Sentences containing ` ` are not highlighted in Consecutive sentences and Keyphrase distribution assessments #19776

Open FAMarfuaty opened 1 year ago

FAMarfuaty commented 1 year ago

Please give us a description of what happened

Sentences that contain   are not highlighted in Consecutive sentences assessment. Please note however, the same sentence is highlighted in Passive voice assessment for example if it's a passive sentence.

To Reproduce

Step-by-step reproduction instructions

  1. Install and activate Yoast SEO
  2. Create a post
  3. Add a text to the post, at least 300 words
  4. Add the following sentences
Apples have been grown for thousands of years in Asia and Europe and were brought to North America by European colonists. Apples have religious and mythological significance in many cultures, including Norse, Greek, and European Christian tradition. Apples grown from seed tend to be very different from those of their parents, and the resultant fruit frequently lacks desired characteristics.
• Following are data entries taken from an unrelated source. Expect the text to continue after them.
(* Let $\delta'\in(0,1)$, $\rho=(\rho_c,\rho_u,\rho_w)\in(0,\infty)^3$ and $X^{(1)},\dots,X^{(n)}\in\mathcal X$. On the event $\mathcal E_{U,m}(\delta')$, for every $\varphi\in\Omega_\rho$, \[ \sup_{j\in[n]}\big|f(X^{(j)};\varphi)-f_{\mathrm{lin}}(X^{(j)};\varphi)\big|\le\frac1{\sqrt m}\Big(L_{1,m}(\delta')\rho_c\sqrt{\rho_w^2+\rho_u^2}+L_{2,m}(\delta')(\rho_w^2+\rho_u^2)\Big)=:B_{\mathrm{lin},m}(\delta'). \]
   Context: $\mathcal{X}=\{X\in\mathbb{R}^{d\times T}:\max_t\|X_t\|_2\le1\}$ (columns $X_t$); each $X$ has a fixed query $q_X\in\mathbb{R}^d$, $\|q_X\|_2\le1$. Softmax $(\sigma_s(z))_t=e^{z_t}/\sum_se^{z_s}$; $a(X;W)=X\sigma_s(X^\top Wq_X)$; $h(X;\theta)=\sigma(U^\top a(X;W))$, $\theta=(U,\operatorname{vec}(W))$; $f(X;\varphi)=m^{-1/2}\sum_{i=1}^mc_ih(X;\theta_i)$, $\varphi_i=(c_i,U_i,\operatorname{vec}(W_i))$. $\sigma$ twice differentiable with $|\sigma|\le\sigma_0,|\sigma'|\le\sigma_1,|\sigma''|\le\sigma_2$. $m$ even. Symmetric initialization $\varphi^{(0)}$: for $i\le m/2$, independently, $W_i^{(0)}$ with i.i.d. $\mathcal N(0,1)$ entries, $U_i^{(0)}\sim\mathcal N(0,I_d)$, $c_i^{(0)}$ uniform on $\{\pm1\}$; $W_{i+m/2}^{(0)}=W_i^{(0)}$, $U_{i+m/2}^{(0)}=U_i^{(0)}$, $c_{i+m/2}^{(0)}=-c_i^{(0)}$. $\Omega_\rho=\{\varphi:|c_i-c_i^{(0)}|\le\rho_c/\sqrt m,\|U_i-U_i^{(0)}\|_2\le\rho_u/\sqrt m,\|W_i-W_i^{(0)}\|_F\le\rho_w/\sqrt m\ \forall i\}$. $f_{\mathrm{lin}}(X;\varphi)=f(X;\varphi^{(0)})+\langle\nabla_\varphi f(X;\varphi^{(0)}),\varphi-\varphi^{(0)}\rangle$. $B_{U,m}(\delta')=\sqrt d+\sqrt{2\log(m/(2\delta'))}+\rho_u/\sqrt m$; $L_{1,m}(\delta')=\sigma_1\sqrt{1+B_{U,m}^2}$; $L_{2,m}(\delta')=\sigma_2(1+B_{U,m}^2)+8\sigma_1\sqrt{1+B_{U,m}^2}$. $\mathcal E_{U,m}(\delta')=\{\max_{i\in[m]}\|U_i^{(0)}\|_2\le\sqrt d+\sqrt{2\log(m/(2\delta'))}\}$. *)

theory Defs
  imports "HOL-Analysis.Analysis"
begin

text \<open>A data point X in R^{d x T} is represented column-wise: X $ t :: real^'d is the
column X_t.  Parameters of the m-neuron network: (c, U, W) with neuron i < m having
c i :: real, U i :: real^'d, W i :: real^'d^'d.  The norm on real^'d^'d is the
Frobenius norm.\<close>

type_synonym 'd params = "(nat \<Rightarrow> real) \<times> (nat \<Rightarrow> real^'d) \<times> (nat \<Rightarrow> real^'d^'d)"

definition in_dom :: "real^'d^'t \<Rightarrow> bool" where
  "in_dom X = (\<forall>t. norm (X $ t) \<le> 1)"

definition softmax :: "('t::finite \<Rightarrow> real) \<Rightarrow> 't \<Rightarrow> real" where
  "softmax z t = exp (z t) / (\<Sum>s\<in>UNIV. exp (z s))"

text \<open>a(X;W) = X softmax(X^T W q), with (X^T W q)_t = X_t \<bullet> (W q).\<close>
definition attn :: "real^'d^'t::finite \<Rightarrow> real^'d \<Rightarrow> real^'d^'d \<Rightarrow> real^'d" where
  "attn X q W = (\<Sum>t\<in>UNIV. softmax (\<lambda>s. (X $ s) \<bullet> (W *v q)) t *\<^sub>R (X $ t))"

definition neuron :: "(real \<Rightarrow> real) \<Rightarrow> real^'d^'t::finite \<Rightarrow> real^'d \<Rightarrow> real^'d \<Rightarrow> real^'d^'d \<Rightarrow> real" where
  "neuron \<sigma> X q U W = \<sigma> (U \<bullet> attn X q W)"

definition net :: "(real \<Rightarrow> real) \<Rightarrow> (real^'d^'t::finite \<Rightarrow> real^'d) \<Rightarrow> nat \<Rightarrow> real^'d^'t \<Rightarrow> ('d::finite) params \<Rightarrow> real" where
  "net \<sigma> Q m X \<phi> = (case \<phi> of (c, U, W) \<Rightarrow>
     (1 / sqrt (real m)) * (\<Sum>i<m. c i * neuron \<sigma> X (Q X) (U i) (W i)))"

definition param_line :: "('d::finite) params \<Rightarrow> ('d::finite) params \<Rightarrow> real \<Rightarrow> 'd params" where
  "param_line \<phi>0 \<phi> s = (case \<phi>0 of (c0, U0, W0) \<Rightarrow> case \<phi> of (c, U, W) \<Rightarrow>
     (\<lambda>i. c0 i + s * (c i - c0 i), \<lambda>i. U0 i + s *\<^sub>R (U i - U0 i), \<lambda>i. W0 i + s *\<^sub>R (W i - W0 i)))"

text \<open>Linearization: f(X;phi0) + <grad f(X;phi0), phi - phi0>, the inner product being
written as the directional derivative of f at phi0 in direction phi - phi0.\<close>
definition net_lin :: "(real \<Rightarrow> real) \<Rightarrow> (real^'d^'t::finite \<Rightarrow> real^'d) \<Rightarrow> nat \<Rightarrow> real^'d^'t \<Rightarrow> ('d::finite) params \<Rightarrow> ('d::finite) params \<Rightarrow> real" where
  "net_lin \<sigma> Q m X \<phi>0 \<phi> = net \<sigma> Q m X \<phi>0 + deriv (\<lambda>s. net \<sigma> Q m X (param_line \<phi>0 \<phi> s)) 0"

text \<open>Support of the symmetric initialization (Gaussian entries can take any real value).\<close>
definition sym_init :: "nat \<Rightarrow> ('d::finite) params \<Rightarrow> bool" where
  "sym_init m \<phi>0 = (case \<phi>0 of (c0, U0, W0) \<Rightarrow>
     (\<forall>i < m div 2. c0 i \<in> {-1, 1} \<and> c0 (i + m div 2) = - c0 i \<and>
        U0 (i + m div 2) = U0 i \<and> W0 (i + m div 2) = W0 i))"

definition in_Omega :: "nat \<Rightarrow> real \<Rightarrow> real \<Rightarrow> real \<Rightarrow> ('d::finite) params \<Rightarrow> ('d::finite) params \<Rightarrow> bool" where
  "in_Omega m \<rho>c \<rho>u \<rho>w \<phi>0 \<phi> = (case \<phi>0 of (c0, U0, W0) \<Rightarrow> case \<phi> of (c, U, W) \<Rightarrow>
     (\<forall>i<m. \<bar>c i - c0 i\<bar> \<le> \<rho>c / sqrt (real m) \<and> norm (U i - U0 i) \<le> \<rho>u / sqrt (real m)
        \<and> norm (W i - W0 i) \<le> \<rho>w / sqrt (real m)))"

definition event_U :: "nat \<Rightarrow> real \<Rightarrow> (nat \<Rightarrow> real^('d::finite)) \<Rightarrow> bool" where
  "event_U m \<delta> U0 = (\<forall>i<m. norm (U0 i) \<le> sqrt (real CARD('d)) + sqrt (2 * ln (real m / (2 * \<delta>))))"

definition B_U :: "('d::finite) itself \<Rightarrow> nat \<Rightarrow> real \<Rightarrow> real \<Rightarrow> real" where
  "B_U _ m \<delta> \<rho>u = sqrt (real CARD('d)) + sqrt (2 * ln (real m / (2 * \<delta>))) + \<rho>u / sqrt (real m)"

definition L1 :: "('d::finite) itself \<Rightarrow> real \<Rightarrow> nat \<Rightarrow> real \<Rightarrow> real \<Rightarrow> real" where
  "L1 D \<sigma>1 m \<delta> \<rho>u = \<sigma>1 * sqrt (1 + (B_U D m \<delta> \<rho>u)\<^sup>2)"

definition L2 :: "('d::finite) itself \<Rightarrow> real \<Rightarrow> real \<Rightarrow> nat \<Rightarrow> real \<Rightarrow> real \<Rightarrow> real" where
  "L2 D \<sigma>1 \<sigma>2 m \<delta> \<rho>u = \<sigma>2 * (1 + (B_U D m \<delta> \<rho>u)\<^sup>2) + 8 * \<sigma>1 * sqrt (1 + (B_U D m \<delta> \<rho>u)\<^sup>2)"

end

theory Submission
  imports Defs
begin

(* Along the segment from phi0 to phi, neuron i contributes (c0 i + s dc) sigma (A s), where A s is
   the mean of the values U(s) . X_t under the softmax weights exp (X_t . W(s) q); these weights are
   an exponential tilt in s.  The derivative of a tilted mean is the mean of the derivative plus
   the covariance with the tilt direction, so A' and A'' are sums of weighted means and covariances
   of quantities bounded by w, u and B, and Cauchy-Schwarz bounds each covariance by the product of
   the bounds.  With |c0 i| = 1, a second order Taylor estimate then bounds the linearisation error
   of each neuron by O(1/m); m neurons scaled by 1/sqrt m give O(1/sqrt m), and a last
   Cauchy-Schwarz turns rho_u + B rho_w into sqrt (1 + B^2) sqrt (rho_w^2 + rho_u^2). *)

lemma abs_mult_le_mult:
  fixes a b :: "'a::linordered_idom"
  shows "\<bar>a\<bar> \<le> c \<Longrightarrow> \<bar>b\<bar> \<le> d \<Longrightarrow> \<bar>a * b\<bar> \<le> c * d"
  unfolding abs_mult by (rule mult_mono) auto

lemma norm_matrix_vector_mult_le:
  fixes A :: "real^'n^'m"
  shows "norm (A *v x) \<le> norm A * norm x"
proof -
  have "(norm (A *v x))\<^sup>2 = (\<Sum>i\<in>UNIV. (A $ i \<bullet> x)\<^sup>2)"
    by (simp add: norm_vec_def L2_set_def matrix_mult_dot sum_nonneg)
  also have "\<dots> \<le> (\<Sum>i\<in>UNIV. (norm (A $ i))\<^sup>2 * (norm x)\<^sup>2)"
    by (intro sum_mono) (metis Cauchy_Schwarz_ineq2 abs_ge_zero power2_abs power_mono power_mult_distrib)
  also have "\<dots> = (norm A * norm x)\<^sup>2"
    by (simp add: norm_vec_def L2_set_def power_mult_distrib sum_nonneg flip: sum_distrib_right)
  finally show ?thesis
    by (simp add: power2_le_iff_abs_le)
qed

lemma abs_diff_le_of_deriv_bound:
  fixes h h' :: "real \<Rightarrow> real"
  assumes "a \<le> b" and h: "\<And>s. (h has_real_derivative h' s) (at s)"
    and bound: "\<And>s. a \<le> s \<Longrightarrow> s \<le> b \<Longrightarrow> \<bar>h' s\<bar> \<le> M"
  shows "\<bar>h b - h a\<bar> \<le> M * (b - a)"
proof (cases "a = b")
  case False
  then obtain z where z: "a < z" "z < b" "h b - h a = (b - a) * h' z"
    using MVT2[of a b h h'] h \<open>a \<le> b\<close> by auto
  have "(b - a) * \<bar>h' z\<bar> \<le> (b - a) * M"
    using bound[of z] z by (intro mult_left_mono) auto
  then show ?thesis
    using z \<open>a \<le> b\<close> by (simp add: abs_mult mult.commute)
qed simp

lemma abs_taylor2_remainder_le:
  fixes h h' h'' :: "real \<Rightarrow> real"
  assumes "a \<le> b" and h: "\<And>s. (h has_real_derivative h' s) (at s)"
    and h': "\<And>s. (h' has_real_derivative h'' s) (at s)"
    and bound: "\<And>s. a \<le> s \<Longrightarrow> s \<le> b \<Longrightarrow> \<bar>h'' s\<bar> \<le> M"
  shows "\<bar>h b - h a - (b - a) * h' a\<bar> \<le> M * (b - a)\<^sup>2"
proof (cases "a = b")
  case False
  then obtain z where z: "a < z" "z < b" "h b - h a = (b - a) * h' z"
    using MVT2[of a b h h'] h \<open>a \<le> b\<close> by auto
  have "\<bar>h' z - h' a\<bar> \<le> M * (z - a)"
    using z bound by (intro abs_diff_le_of_deriv_bound[OF _ h']) auto
  also have "\<dots> \<le> M * (b - a)"
    using z bound[of a] \<open>a \<le> b\<close> by (intro mult_left_mono) auto
  finally have "(b - a) * \<bar>h' z - h' a\<bar> \<le> (b - a) * (M * (b - a))"
    using \<open>a \<le> b\<close> by (intro mult_left_mono) auto
  moreover have "h b - h a - (b - a) * h' a = (b - a) * (h' z - h' a)"
    using z by (simp add: algebra_simps)
  ultimately show ?thesis
    using \<open>a \<le> b\<close> by (simp add: abs_mult power2_eq_square mult.commute mult.left_commute)
qed simp

definition wmean :: "('t::finite \<Rightarrow> real) \<Rightarrow> ('t \<Rightarrow> real) \<Rightarrow> real" where
  "wmean P f = (\<Sum>t\<in>UNIV. P t * f t) / sum P UNIV"

definition wcov :: "('t::finite \<Rightarrow> real) \<Rightarrow> ('t \<Rightarrow> real) \<Rightarrow> ('t \<Rightarrow> real) \<Rightarrow> real" where
  "wcov P f g = wmean P (\<lambda>t. f t * g t) - wmean P f * wmean P g"

lemma wmean_linear: "wmean P (\<lambda>t. a * f t + b * g t) = a * wmean P f + b * wmean P g"
  by (simp add: wmean_def algebra_simps sum.distrib sum_distrib_left add_divide_distrib)

lemma abs_wmean_le:
  assumes P: "\<And>t. 0 < P t" and f: "\<And>t. \<bar>f t\<bar> \<le> a"
  shows "\<bar>wmean P f\<bar> \<le> a"
proof -
  have Z: "0 < sum P UNIV"
    using P by (simp add: sum_pos)
  have "\<bar>\<Sum>t\<in>UNIV. P t * f t\<bar> \<le> (\<Sum>t\<in>UNIV. P t * a)"
    using P f by (intro order.trans[OF sum_abs] sum_mono) (simp add: abs_mult less_imp_le mult_left_mono)
  also have "\<dots> = a * sum P UNIV"
    by (simp add: sum_distrib_left mult.commute)
  finally show ?thesis
    using Z by (simp add: wmean_def abs_divide pos_divide_le_eq)
qed

lemma wmean_Cauchy_Schwarz:
  assumes P: "\<And>t. 0 \<le> P t"
  shows "(wmean P (\<lambda>t. f t * g t))\<^sup>2 \<le> wmean P (\<lambda>t. (f t)\<^sup>2) * wmean P (\<lambda>t. (g t)\<^sup>2)"
proof -
  have "(\<Sum>t\<in>UNIV. sqrt (P t) * f t * (sqrt (P t) * g t))\<^sup>2
      \<le> (\<Sum>t\<in>UNIV. (sqrt (P t) * f t)\<^sup>2) * (\<Sum>t\<in>UNIV. (sqrt (P t) * g t)\<^sup>2)"
    by (rule Cauchy_Schwarz_ineq_sum)
  moreover have "sqrt (P t) * f t * (sqrt (P t) * g t) = P t * (f t * g t)"
    "(sqrt (P t) * f t)\<^sup>2 = P t * (f t)\<^sup>2" "(sqrt (P t) * g t)\<^sup>2 = P t * (g t)\<^sup>2" for t
    using P[of t] by (simp_all add: power_mult_distrib algebra_simps)
  ultimately have "(\<Sum>t\<in>UNIV. P t * (f t * g t))\<^sup>2
      \<le> (\<Sum>t\<in>UNIV. P t * (f t)\<^sup>2) * (\<Sum>t\<in>UNIV. P t * (g t)\<^sup>2)"
    by simp
  then have "(\<Sum>t\<in>UNIV. P t * (f t * g t))\<^sup>2 / (sum P UNIV)\<^sup>2
      \<le> (\<Sum>t\<in>UNIV. P t * (f t)\<^sup>2) * (\<Sum>t\<in>UNIV. P t * (g t)\<^sup>2) / (sum P UNIV)\<^sup>2"
    by (rule divide_right_mono) simp
  then show ?thesis
    by (simp add: wmean_def power_divide power2_eq_square[of "sum P UNIV"])
qed

lemma wcov_eq_wmean_centered:
  assumes "sum P UNIV \<noteq> 0"
  shows "wcov P f g = wmean P (\<lambda>t. (f t - wmean P f) * g t)"
  using wmean_linear[of P 1 "\<lambda>t. f t * g t" "- wmean P f" g] by (simp add: wcov_def algebra_simps)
NOTE: add the sentences above in HTML/Code editor mode

  1. Go to Consecutive sentences assessment, confirm that it recognises an occurrence of consecutive sentences with the same word beginning
  2. Click on the eye icon
  3. Confirm that the sentences that contain   are not highlighted

Expected results

  1. The sentences that contain   are highlighted in the Consecutive sentences assessment

Actual results

  1. The sentences that contain   are NOT highlighted in the Consecutive sentences assessment

Screenshots, screen recording, code snippet

If possible, please provide a screenshot, a screen recording or a code snippet which demonstrates the bug.

https://user-images.githubusercontent.com/48715883/215789020-0587852d-4476-449e-a271-d371bf0acbf0.mov

Technical info

Used versions

hannaw93 commented 1 year ago

Ran out of ideas for now, these are the results of the investigation:

  1. The problem happens both in the Classic and Block editor
  2. It occurs also with passive voice and sentence length, but not with keyphrase assessments, paragraph length, or transition words. This made me focus on the code in and around getSentences, but I could not find any pointers to the cause of the bug. I also played around with different texts with non-breaking spaces (including non-breaking spaces between sentences, non-breaking spaces between words, and both combined with normal spaces and not) in getSentencesSpec, and things there work as expected.
  3. Just in case, tried pasting the text both ways of editing in html (does not make a difference).
  4. There was no test for the code in normalizeHTML.js responsible for turning  ` into actual non-breaking spaces (U+00A0). I ran some tests for it in normalizeHTMLSpec.js (with different variations of using non-breaking spaces) and also found no visible issues.
  5. When adding non breaking spaces to the input text in tests for getFieldsToMarkSpec, the marked version returns a text without a non-breaking space. This shouldn't be an issue though since the markers seems to work/apply (screenshot). The tests for MarkSpec return "marked" as expected whether the original input has a non breaking space or not.

Image

hannaw93 commented 1 year ago

slack conversation https://yoast.slack.com/archives/C03PRESAXMJ/p1678719135469269

hannaw93 commented 1 year ago

Update: somehow when I re-test this now, the problem does not occur for passive voice and sentence length. Now on my side it also occurs only for Consecutive sentences.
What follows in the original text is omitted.